> PROBLEM: Work out how many lines of the data hold the string "function", and reply with that number alone.

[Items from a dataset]

--------------------------------------------------

(* Let $F=\sum_{g\ge 0}\lambda^{2g-2}F_g(p_1,p_2,\dots;s,u,v)$ be the dessin free energy (defined in the context), and define the genus zero one-point function $$G_{0,1}(x)=\sum_{m\ge 1} m\,\frac{\partial F_0}{\partial p_m}\Big|_{p_k=0,\,k\ge1}\, x^{-m-1}.$$ Then $G_{0,1}$ satisfies $G_{0,1}(x)=\frac{suv}{x^2}+\frac{s(u+v)}{x}G_{0,1}(x)+sG_{0,1}(x)^2$, and $$G_{0,1}(x)=\frac{1}{2s}\Big(1-\frac{s(u+v)}{x}-\sqrt{1-\frac{2s(u+v)}{x}+\frac{s^2(u-v)^2}{x^2}}\Big)=\sum_{n\ge1}\frac{s^n}{x^{n+1}}\sum_{k=1}^n\frac1n\binom{n}{k}\binom{n}{k-1}u^{n+1-k}v^k,$$ where the square root is the formal power series in $x^{-1}$ with constant term $1$. Equivalently, the coefficient of $x^{-n-1}$ is $s^n u^{n+1}N_n(v/u)$, where $N_n(q)=\sum_{k=1}^n N_{n,k}q^k$ is the $n$-th Narayana polynomial, $N_{n,k}=\frac1n\binom nk\binom n{k-1}$.
   Context: Let $s,u,v$ be parameters and $\lambda$ a genus-tracking parameter. For $n\ge0$ define the dessin Virasoro operators $$L_n=-\frac{n+1}{s}\frac{\partial}{\partial p_{n+1}}+(u+v)n\frac{\partial}{\partial p_n}+\sum_{j\ge1}p_j(n+j)\frac{\partial}{\partial p_{n+j}}+\lambda^2\sum_{i+j=n,\ i,j\ge1}ij\frac{\partial^2}{\partial p_i\partial p_j}+\delta_{n,0}\,uv\,\lambda^{-2}.$$ The dessin free energy $F=\sum_{g\ge0}\lambda^{2g-2}F_g$ (the logarithm of the Kazarian–Zograf generating series of Grothendieck's dessins d'enfants, with $F_g$ formal power series in $p_1,p_2,\dots$ vanishing at $p=0$) is characterized by $L_n e^{F}=0$ for all $n\ge0$. In genus zero this means: for all $n\ge0$, $(u+v)n\,\partial_{p_n}F_0+\sum_{j\ge1}(p_j-\delta_{j,1}/s)(n+j)\partial_{p_{n+j}}F_0+\sum_{i+j=n}ij\,\partial_{p_i}F_0\,\partial_{p_j}F_0+\delta_{n,0}uv=0$. *)

theory Defs
  imports "HOL-Library.Multiset" "HOL-Computational_Algebra.Formal_Power_Series"
begin

(* A formal power series in the variables p_1, p_2, ... is given by its coefficient
   function on monomials.  The monomial  prod_i p_i^(count M i)  is encoded by the
   multiset M of (positive) variable indices. *)
type_synonym 'a pseries = "nat multiset \<Rightarrow> 'a"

--------------------------------------------------

> RESULT BELOW: 2